PySBS provide a set of easy to use tools for simulations of Brillouin scattering in waveguides. The core of the program is an elastic mode solver which is fully tensorial and enables simulation of anisotropic materials. The solver is coupled with an electromagnetic mode solver to calculate the Brillouin gain with the inclusion of all forces, bulk electrostriction, boundary electrostriction and radiation pressure on the dielectric interface.
PySBS requires Python 3 and FEniCS. The full documentation for the later is provided at <https://fenicsproject.org>. It can be installed using pip :
pip3 install fenics-ffc --upgrade
PySBS has been written and tested on Ubuntu 18.04.1 LTS. The recommended IDE for python 3 is Spyder3 whose GUI is similar to matlab.

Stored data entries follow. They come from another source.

lemma (in fiber_product) bounded_hom_if_prime_generated:
  fixes J M :: "'b set"
  assumes W: "whitman TYPE('b)"
    and J: "\<forall>q\<in>J. join_prime q" "lat_gen J = UNIV"
    and M: "\<forall>q\<in>M. meet_prime q" "lat_gen M = UNIV"
  shows "bounded_hom g"
proof -
  interpret dual: fiber_product "dual_fun g" "dual_fun h" "map_prod dual dual ` X"
    by (rule fiber_product_dual) unfold_locales
  have "lower_bounded (dual_fun g)"
  proof (rule dual.lower_bounded_if_join_prime_generated[where Q = "dual ` M"])
    show "whitman TYPE('b dual)" using W by (rule whitman_dual)
    show "\<forall>q\<in>dual ` M. join_prime q" using M(1) join_prime_dual by blast
    show "lat_gen (dual ` M) = UNIV" using M(2) surj_dual by (simp add: lat_gen_dual)
  qed
  then show ?thesis
    unfolding bounded_hom_def
    using lower_bounded_if_join_prime_generated[OF W J] upper_bounded_if_lower_bounded_dual
    by blast
qed

theorem mainTheorem4:
  fixes g :: "'a::lattice \<Rightarrow> 'd::lattice" and h :: "'b::lattice \<Rightarrow> 'd"
  assumes WA: "whitman TYPE('a)" and WB: "whitman TYPE('b)"
    and JA: "\<exists>P::'a set. (\<forall>p\<in>P. join_prime p) \<and> lat_gen P = UNIV"
    and MA: "\<exists>P::'a set. (\<forall>p\<in>P. meet_prime p) \<and> lat_gen P = UNIV"
    and JB: "\<exists>P::'b set. (\<forall>p\<in>P. join_prime p) \<and> lat_gen P = UNIV"
    and MB: "\<exists>P::'b set. (\<forall>p\<in>P. meet_prime p) \<and> lat_gen P = UNIV"
    and g: "lattice_hom g" "surj g"
    and h: "lattice_hom h" "surj h"
    and fg: "\<exists>X. finite X \<and> X \<subseteq> {(a, b). g a = h b} \<and> lat_gen X = {(a, b). g a = h b}"
  shows "bounded_hom g \<and> bounded_hom h"
proof -
  obtain X where "finite X" "lat_gen X = {(a, b). g a = h b}" using fg by blast
  then interpret fiber_product g h X using g h by unfold_locales
  interpret swapped: fiber_product h g "prod.swap ` X"
    by (rule fiber_product_swap) unfold_locales
  have "bounded_hom g" using WB JB MB bounded_hom_if_prime_generated by blast
  moreover have "bounded_hom h" using WA JA MA swapped.bounded_hom_if_prime_generated by blast
  ultimately show ?thesis ..
qed

end
lemma card_ge_2_obtain_other:
  assumes "2 \<le> card A"
  obtains x where "x \<in> A" "x \<noteq> y"
proof -
  have "\<not> A \<subseteq> {y}"
    using assms card_mono[of "{y}" A] by fastforce
  with that show ?thesis by blast
qed

lemma path_edge_endpoints_in_path:
  assumes "is_path F inc vs es" "e \<in> set es"
  shows "inc e \<subseteq> set vs"
proof -
  obtain k where "k < length es" "e = es ! k"
    using assms(2) by (metis in_set_conv_nth)
  with assms(1) show ?thesis
    unfolding is_path_def by auto
qed

lemma is_path_last: "is_path F inc vs es \<Longrightarrow> last vs = vs ! length es"
  unfolding is_path_def by (metis last_conv_nth diff_Suc_1 list.size(3) nat.distinct(1))

lemma path_snoc:
  assumes path: "is_path F inc vs es" and "e \<in> F" "inc e = {last vs, w}" "w \<notin> set vs"
  shows "is_path F inc (vs @ [w]) (es @ [e])"
proof -
  have "e \<notin> set es"
    using path_edge_endpoints_in_path[OF path] assms(3,4) by blast
  moreover have "last vs = vs ! length es"
    using is_path_last[OF path] .
  ultimately show ?thesis
    using path assms(2-4) unfolding is_path_def by (auto simp: nth_append less_Suc_eq)
qed

lemma is_path_drop:
  assumes "is_path F inc vs es" "j \<le> length es"
  shows "is_path F inc (drop j vs) (drop j es)"
  using assms unfolding is_path_def by (auto simp: add.commute dest: in_set_dropD)

lemma has_cycle_close_path:
  assumes path: "is_path F inc vs es" and "es \<noteq> []"
    and "e \<in> F" "e \<notin> set es" and e: "inc e = {last vs, hd vs}"
  shows "has_cycle (set vs) F inc"
  unfolding has_cycle_def
proof (intro exI conjI)
  let ?es = "es @ [e]"
  have len: "length vs = Suc (length es)"
    using path unfolding is_path_def by simp
  show "length vs = length ?es" "distinct vs" "set vs \<subseteq> set vs"
    using len path unfolding is_path_def by auto
  show "2 \<le> length vs"
    using len \<open>es \<noteq> []\<close> by (simp add: Suc_le_eq)
  show "distinct ?es" "set ?es \<subseteq> F"
    using path assms(3,4) unfolding is_path_def by auto
  show "\<forall>i<length vs. inc (?es ! i) = {vs ! i, vs ! ((i + 1) mod length vs)}"
  proof (intro allI impI)
    fix i assume i: "i < length vs"
    show "inc (?es ! i) = {vs ! i, vs ! ((i + 1) mod length vs)}"
    proof (cases "i < length es")
      case True
      then show ?thesis
        using path len unfolding is_path_def by (simp add: nth_append)
    next
      case False
      then have "i = length es"
        using i len by simp
      moreover have "vs \<noteq> []"
        using len by auto
      ultimately have "?es ! i = e" "vs ! i = last vs" "vs ! ((i + 1) mod length vs) = hd vs"
        using is_path_last[OF path] len by (simp_all add: hd_conv_nth)
      then show ?thesis
        using e by (simp add: insert_commute)
    qed
  qed
qed

lemma path_close_cycle:
  assumes path: "is_path F inc vs es" and j: "j < length es"
    and "e \<in> F" "e \<noteq> last es" and e: "inc e = {last vs, vs ! j}" and "set vs \<subseteq> Y"
  shows "has_cycle Y F inc"
proof -
  have len: "length vs = Suc (length es)" and dist: "distinct vs"
    using path unfolding is_path_def by auto
  have "e \<notin> set (drop j es)"
  proof
    assume "e \<in> set (drop j es)"
    then obtain k where "k < length es - j" "es ! (j + k) = e"
      using j by (auto simp: in_set_conv_nth)
    moreover have "last es = es ! (length es - 1)"
      using j last_conv_nth[of es] by fastforce
    ultimately have m: "j + k < length es" "j + k \<noteq> length es - 1" "es ! (j + k) = e"
      using assms(4) by auto
    then have "vs ! Suc (j + k) \<noteq> vs ! length es" "vs ! Suc (j + k) \<noteq> vs ! j"
      "vs ! (j + k) \<noteq> vs ! length es"
      using dist len by (auto simp: nth_eq_iff_index_eq)
    moreover have "inc e = {vs ! (j + k), vs ! Suc (j + k)}"
      using path m(1,3) unfolding is_path_def by auto
    ultimately show False
      using e is_path_last[OF path] by (auto simp: doubleton_eq_iff)
  qed
  moreover have "drop j es \<noteq> []" "last (drop j vs) = last vs" "hd (drop j vs) = vs ! j"
    using j len by (auto simp: hd_drop_conv_nth)
  ultimately have "has_cycle (set (drop j vs)) F inc"
    using has_cycle_close_path[OF is_path_drop[OF path] _ assms(3)] j e by simp
  moreover have "set (drop j vs) \<subseteq> Y"
    using assms(6) set_drop_subset by fastforce
  ultimately show ?thesis
    unfolding has_cycle_def by (meson order_trans)
qed

lemma path_extends_or_closes_cycle:
  assumes path: "is_path F inc vs es" and "set vs \<subseteq> Y"
    and F: "\<And>e. e \<in> F \<Longrightarrow> inc e \<subseteq> Y \<and> card (inc e) = 2"
    and deg: "2 \<le> card {e\<in>F. last vs \<in> inc e}"
  shows "has_cycle Y F inc \<or> (\<exists>w e. w \<in> Y \<and> is_path F inc (vs @ [w]) (es @ [e]))"
proof -
  obtain e where e: "e \<in> F" "last vs \<in> inc e" "e \<noteq> last es"
    using card_ge_2_obtain_other[OF deg, of "last es"] by blast
  obtain w where w: "inc e = {last vs, w}" "w \<noteq> last vs"
    using card_2_obtain_other[of "inc e" "last vs"] F[OF e(1)] e(2) by blast
  show ?thesis
  proof (cases "w \<in> set vs")
    case False
    then show ?thesis
      using path_snoc[OF path e(1) w(1)] F[OF e(1)] w(1) by blast
  next
    case True
    then obtain j where j: "j < length vs" "w = vs ! j"
      by (metis in_set_conv_nth)
    with w(2) have "j < length es"
      using is_path_last[OF path] path less_Suc_eq unfolding is_path_def by auto
    then show ?thesis
      using path_close_cycle[OF path _ e(1,3)] w(1) j(2) assms(2) by simp
  qed
qed
lemma simplex_segment_crosses_facet:
  fixes S :: "'a::euclidean_space set"
  assumes "finite S" "\<not> affine_dependent S" "y \<in> convex hull S" "c \<in> affine hull S"
    and "c \<notin> convex hull S"
  obtains z F u where "z \<in> closed_segment y c" "z \<in> rel_frontier (convex hull S)"
    "F facet_of convex hull S" "z \<in> F" "u \<in> S" "u \<notin> F" "F = convex hull (S - {u})"
proof -
  have "compact (convex hull S)"
    using assms(1) by (simp add: finite_imp_compact_convex_hull)
  then obtain z where z: "z \<in> closed_segment y c" "z \<in> rel_frontier (convex hull S)"
    using closed_segment_meets_rel_frontier[of "convex hull S" y c] assms(3-5)
    by (metis affine_hull_convex_hull compact_imp_bounded compact_imp_closed)
  have "rel_frontier (convex hull S) = \<Union> {F. F facet_of convex hull S}"
    using assms(1) by (simp add: rel_frontier_of_polyhedron polyhedron_convex_hull)
  then obtain F where "F facet_of convex hull S" "z \<in> F"
    using z(2) by blast
  moreover obtain u where "u \<in> S" "u \<notin> F" "F = convex hull (S - {u})"
    using facet_of_simplex_opposite_vertex[OF assms(2) \<open>F facet_of convex hull S\<close>] by blast
  ultimately show ?thesis
    using that z by blast
qed

section \<open>The contraction factor\<close>

definition defect_bound :: "real \<Rightarrow> real \<Rightarrow> real" where
  "defect_bound d v = sqrt ((1 - v\<^sup>2) / (1 + d\<^sup>2 + 2 * d * v)) * d"

lemma defect_bound_less:
  assumes "0 < d" "0 < v"
  shows "defect_bound d v < d"
proof -
  have "0 < d\<^sup>2 + 2 * d * v"
    using assms by (simp add: add_pos_pos)
  then have "1 - v\<^sup>2 < 1 + d\<^sup>2 + 2 * d * v"
    using zero_le_power2[of v] by linarith
  moreover have "0 < 1 + d\<^sup>2 + 2 * d * v"
    using assms by (simp add: add_pos_nonneg)
  ultimately have "sqrt ((1 - v\<^sup>2) / (1 + d\<^sup>2 + 2 * d * v)) < 1"
    by simp
  then show ?thesis
    using assms(1) by (simp add: defect_bound_def)
qed

lemma norm_proj_origin_pair_unit:
  fixes x b :: "'a::euclidean_space"
  assumes "norm b = 1" "x \<noteq> 0" "x \<noteq> b"
  shows "norm (proj_origin {x, b}) = defect_bound (norm x) (- (b \<bullet> x) / norm x)"
proof -
  define d where "d = norm x"
  define v where "v = - (b \<bullet> x) / d"
  have "0 < d" using assms(2) by (simp add: d_def)
  then have dv: "d * v = - (x \<bullet> b)"
    by (simp add: v_def inner_commute)
  have xx: "x \<bullet> x = d\<^sup>2" and bb: "b \<bullet> b = 1"
    using assms(1) by (simp_all add: d_def power2_norm_eq_inner flip: norm_eq_1)
  have N: "(norm (x - b))\<^sup>2 = 1 + d\<^sup>2 + 2 * d * v"
    by (simp add: power2_norm_eq_inner inner_diff_left inner_diff_right inner_commute xx bb dv)
  have "(norm (proj_origin {x, b}))\<^sup>2 = d\<^sup>2 - (d\<^sup>2 + d * v)\<^sup>2 / (1 + d\<^sup>2 + 2 * d * v)"
    using norm_proj_origin_pair[OF assms(3)] by (simp add: N dv xx inner_diff_right flip: d_def)
  also have "\<dots> = (1 - v\<^sup>2) / (1 + d\<^sup>2 + 2 * d * v) * d\<^sup>2"
  proof -
    have "0 < 1 + d\<^sup>2 + 2 * d * v"
      using assms(3) by (simp flip: N)
    then show ?thesis
      by (simp add: field_simps power2_eq_square)
  qed
  finally have sq: "(norm (proj_origin {x, b}))\<^sup>2 = (1 - v\<^sup>2) / (1 + d\<^sup>2 + 2 * d * v) * d\<^sup>2" .
  have "norm (proj_origin {x, b}) = sqrt ((norm (proj_origin {x, b}))\<^sup>2)"
    by simp
  also have "\<dots> = sqrt ((1 - v\<^sup>2) / (1 + d\<^sup>2 + 2 * d * v)) * d"
    using \<open>0 < d\<close> by (simp only: sq real_sqrt_mult real_sqrt_abs abs_of_pos)
  finally show ?thesis
    by (simp add: defect_bound_def d_def v_def)
qed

You can download the latest version of PySBS from github and install it via :
python3 setup.py install
Or, if you wish to edit the source code without re-installing each time :
python3 setup.py develop
The files are located in the examples directory.The documented examples include:
- Caclulating electromagnetic and elastic modes for silicon waveguide
- Calculating the elastic and electromagnetic modes of chalcogenide waveguides
- Calculation of forces and Brillouin gain for silicon and chalcogenide waveguides
Under development:
- Automatic handling of degenerate modes i.e. square waveguide
- Calculation of boundary forces for multilayer structures, currently only one boundary is handled withing the Forces class
PySBS is licensed under the GPLv3 license. This means that you are free to use PySBS for any open-source project. PySBS is provided "as is" with absolutely no warranty.